The only glimmer of Bakshi’s strengths is evident in his character’s expressive poses. Fluid animation is rare in these cartoons until the next to last entry, and the characters tend to snap from pose to pose in a kinetic simulation of movement. Bob Mc Fadden provided the voices for every character in the shorts, including that of the narrator. His mealy-mouthed voice for Sad Cat was reflective of the dreary dialogue. Sad Cat’s very first line in his debut cartoon Gadmouse the Apprentice Good Fairy:

Limited merchandise was created to cash-in on Sad Cat – including this glass tumbler.

“Life to me is just one big drag.”

Other inspiring monologues from later cartoons included:

“Oh me, another day, another nothing. No hope indeed. I’ve hoped so much that my new hopes are old hopes. I’ll never be anything but a third-rate nobody. And I’m not even good at that.”

Chuckles for the kids? Perhaps Bakshi drew on his Jewish background and intended Sad Cat to be an incurable schlemiel, but even that comic appeal was lacking.

Bakshi ultimately directed five Sad Cat cartoons from 1965-66, all plagued by the same rough animation and singular lack of humor.
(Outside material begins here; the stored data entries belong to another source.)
lemma list_profile_snoc:
  "list_profile voter X (Ls @ [L]) = add_voter (list_profile voter X Ls) (voter (length Ls)) L"
proof -
  let ?n = "length Ls"
  have "(\<lambda>i. if i \<in> voter ` {..<Suc ?n} then (Ls @ [L]) ! inv voter i else {})
      = (\<lambda>i. if i \<in> voter ` {..<?n} then Ls ! inv voter i else {})(voter ?n := L)"
  proof
    fix i
    show "(if i \<in> voter ` {..<Suc ?n} then (Ls @ [L]) ! inv voter i else {})
      = ((\<lambda>i. if i \<in> voter ` {..<?n} then Ls ! inv voter i else {})(voter ?n := L)) i"
    proof (cases "i = voter ?n")
      case True
      then show ?thesis by (simp add: inv_f_f[OF inj_voter])
    next
      case False
      then have "i \<in> voter ` {..<Suc ?n} \<longleftrightarrow> i \<in> voter ` {..<?n}"
        by (auto simp: lessThan_Suc)
      moreover have "(Ls @ [L]) ! inv voter i = Ls ! inv voter i" if "i \<in> voter ` {..<?n}"
        using that by (auto simp: inv_f_f[OF inj_voter] nth_append)
      ultimately show ?thesis
        using False by simp
    qed
  qed
  then show ?thesis
    by (simp add: list_profile_def profile_of_def add_voter_def lessThan_Suc)
qed

lemma is_linear_profile_list_profile:
  assumes "finite X" "X \<noteq> {}" "Ls \<noteq> []" "\<forall>L\<in>set Ls. linear_order_on' X L"
  shows "is_linear_profile (list_profile voter X Ls)"
  unfolding list_profile_def using assms inj_voter by (intro is_linear_profile_profile_of) auto

lemma positive_involvement_replicate:
  assumes "positive_involvement F" "is_profile (list_profile voter X Ls)"
    and "x \<in> F (list_profile voter X Ls)"
    and "strict_weak_order_on X L" "\<forall>y\<in>X - {x}. (x, y) \<in> L"
  shows "x \<in> F (list_profile voter X (Ls @ replicate k L)) \<and> is_profile (list_profile voter X (Ls @ replicate k L))"
proof (induction k)
  case 0
  then show ?case using assms by simp
next
  case (Suc k)
  let ?Q = "list_profile voter X (Ls @ replicate k L)"
  let ?j = "voter (length (Ls @ replicate k L))"
  have fresh: "?j \<notin> voters ?Q"
    using inj_voter by (auto simp: list_profile_def inj_eq)
  have "Ls @ replicate (Suc k) L = (Ls @ replicate k L) @ [L]"
    by (simp flip: replicate_append_same)
  then have "list_profile voter X (Ls @ replicate (Suc k) L) = add_voter ?Q ?j L"
    by (simp only: list_profile_snoc)
  moreover have "alts ?Q = X"
    by simp
  ultimately show ?case
    using Suc.IH assms(4,5) fresh is_profile_add_voter[of ?Q L ?j]
      positive_involvement_def[THEN iffD1, OF assms(1), rule_format, of ?Q x ?j L]
    by simp
qed

lemma winner_list_profile_append:
  assumes "positive_involvement F" "is_profile (list_profile voter X Ls)"
    and "x \<in> F (list_profile voter X Ls)"
    and "distinct (x # xs)" "set (x # xs) = X"
  shows "x \<in> F (list_profile voter X (Ls @ replicate k (ranking (x # xs)))) \<and>
    is_profile (list_profile voter X (Ls @ replicate k (ranking (x # xs))))"
proof (rule positive_involvement_replicate[OF assms(1-3)])
  show "strict_weak_order_on X (ranking (x # xs))"
    using linear_order_on'_ranking[OF assms(4)] assms(5) by (simp add: linear_order_on'_def)
  show "\<forall>y\<in>X - {x}. (x, y) \<in> ranking (x # xs)"
    using assms(5) by auto
qed

lemma not_winner_if_extension_has_condorcet_winner:
  assumes "positive_involvement F" "condorcet_winner_criterion F"
    and "is_profile (list_profile voter X Ls)"
    and "distinct (x # xs)" "set (x # xs) = X"
    and "condorcet_winner (list_profile voter X (Ls @ replicate k (ranking (x # xs)))) y" "y \<noteq> x"
  shows "x \<notin> F (list_profile voter X Ls)"
proof
  let ?Q = "list_profile voter X (Ls @ replicate k (ranking (x # xs)))"
  assume "x \<in> F (list_profile voter X Ls)"
  then have "x \<in> F ?Q" "is_profile ?Q"
    using winner_list_profile_append[OF assms(1,3) _ assms(4,5)] by simp_all
  moreover have "F ?Q = {y}"
    using condorcet_winner_criterion_def[THEN iffD1, OF assms(2), rule_format, of ?Q y] assms(6) \<open>is_profile ?Q\<close>
    by simp
  ultimately show False
    using assms(7) by simp
qed

end

section \<open>Ordinal margin graphs\<close>

lemma ordinal_margin_graph_eqI:
  assumes "alts P' = alts P"
    and sign: "\<forall>x\<in>alts P. \<forall>y\<in>alts P. 0 < margin P' x y \<longleftrightarrow> 0 < margin P x y"
    and order: "\<forall>x\<in>alts P. \<forall>y\<in>alts P. \<forall>u\<in>alts P. \<forall>v\<in>alts P.
      0 < margin P x y \<longrightarrow> 0 < margin P u v \<longrightarrow>
      (margin P' u v < margin P' x y \<longleftrightarrow> margin P u v < margin P x y)"
  shows "ordinal_margin_graph P' = ordinal_margin_graph P"
proof -
  define E where "E = {(x, y). x \<in> alts P \<and> y \<in> alts P \<and> 0 < margin P x y}"
  have edges: "{(x, y). x \<in> alts P \<and> y \<in> alts P \<and> 0 < margin P' x y} = E"
    using sign by (auto simp: E_def)
  have "{((x, y), (u, v)). (x, y) \<in> E \<and> (u, v) \<in> E \<and> margin P' u v < margin P' x y}
      = {((x, y), (u, v)). (x, y) \<in> E \<and> (u, v) \<in> E \<and> margin P u v < margin P x y}"
    using order unfolding E_def by (intro set_eqI) (clarsimp, blast)
  then show ?thesis
    by (simp only: ordinal_margin_graph_def Let_def assms(1) edges flip: E_def)
qed

lemma ordinal_margin_graph_eq_if_margins_eq:
  assumes "alts P' = alts P" "\<And>x y. x \<in> alts P \<Longrightarrow> y \<in> alts P \<Longrightarrow> margin P' x y = margin P x y"
  shows "ordinal_margin_graph P' = ordinal_margin_graph P"
  using assms by (intro ordinal_margin_graph_eqI) auto

definition margin_separated :: "int \<Rightarrow> ('v, 'x) profile \<Rightarrow> bool" where
  "margin_separated g P \<longleftrightarrow>
     (\<forall>x\<in>alts P. \<forall>y\<in>alts P. x \<noteq> y \<longrightarrow> g \<le> \<bar>margin P x y\<bar>) \<and>
     (\<forall>x\<in>alts P. \<forall>y\<in>alts P. \<forall>u\<in>alts P. \<forall>v\<in>alts P.
        0 < margin P x y \<longrightarrow> 0 < margin P u v \<longrightarrow> (x, y) \<noteq> (u, v) \<longrightarrow>
        g \<le> \<bar>margin P x y - margin P u v\<bar>)"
Bakshi, even at his most proficient, was never a gagman. Except for brief slapstick gags, the ambitious director tended to focus on the downbeat, depressing aspects of life, and Sad Cat was no exception. Gadmouse’s tinkering resulted in backfires and failures for all involved, making the shorts even more heartbreaking. Although storymen Eli Bauer and Al Kouzel pitched in, the cartoons were not remotely upbeat until Art Bartch inherited the series in 1967 after Bakshi departed Terrytoons.

It’s difficult to reconcile the Sad Cat cartoons with Bakshi’s later work, except for the emphasis on the lawless cruelties of life and his characters’ general inability to deal with them. One is not surprised to learn that Bakshi is longtime friends with Martin Scorsese and Quentin Tarantino (although Tarantino has a more developed sense of humor). Still, Bakshi owns rightful recognition as the grandfather of adult animation, and his audacity and fearlessness more than offset his crude impulses.

In his defense, Bakshi had little training and few paths to development at Terrytoons, so the deficits evident in Sad Cat are, to a degree, excusable. While Bakshi never had much to say about Sad Cat, when I interviewed him for TOON Magazine in 2001, he related that:

“At Terrytoons, it was the worst time in the world. All the shorts studios were closing, and all the quality animation studios were out in California. The West Coast people looked down on Terrytoons; it was seen as a hack studio.”

In retrospect, it is a testament to Bakshi’s talent that he overcame his early animation experiences. And he did it without an apprentice good fairy.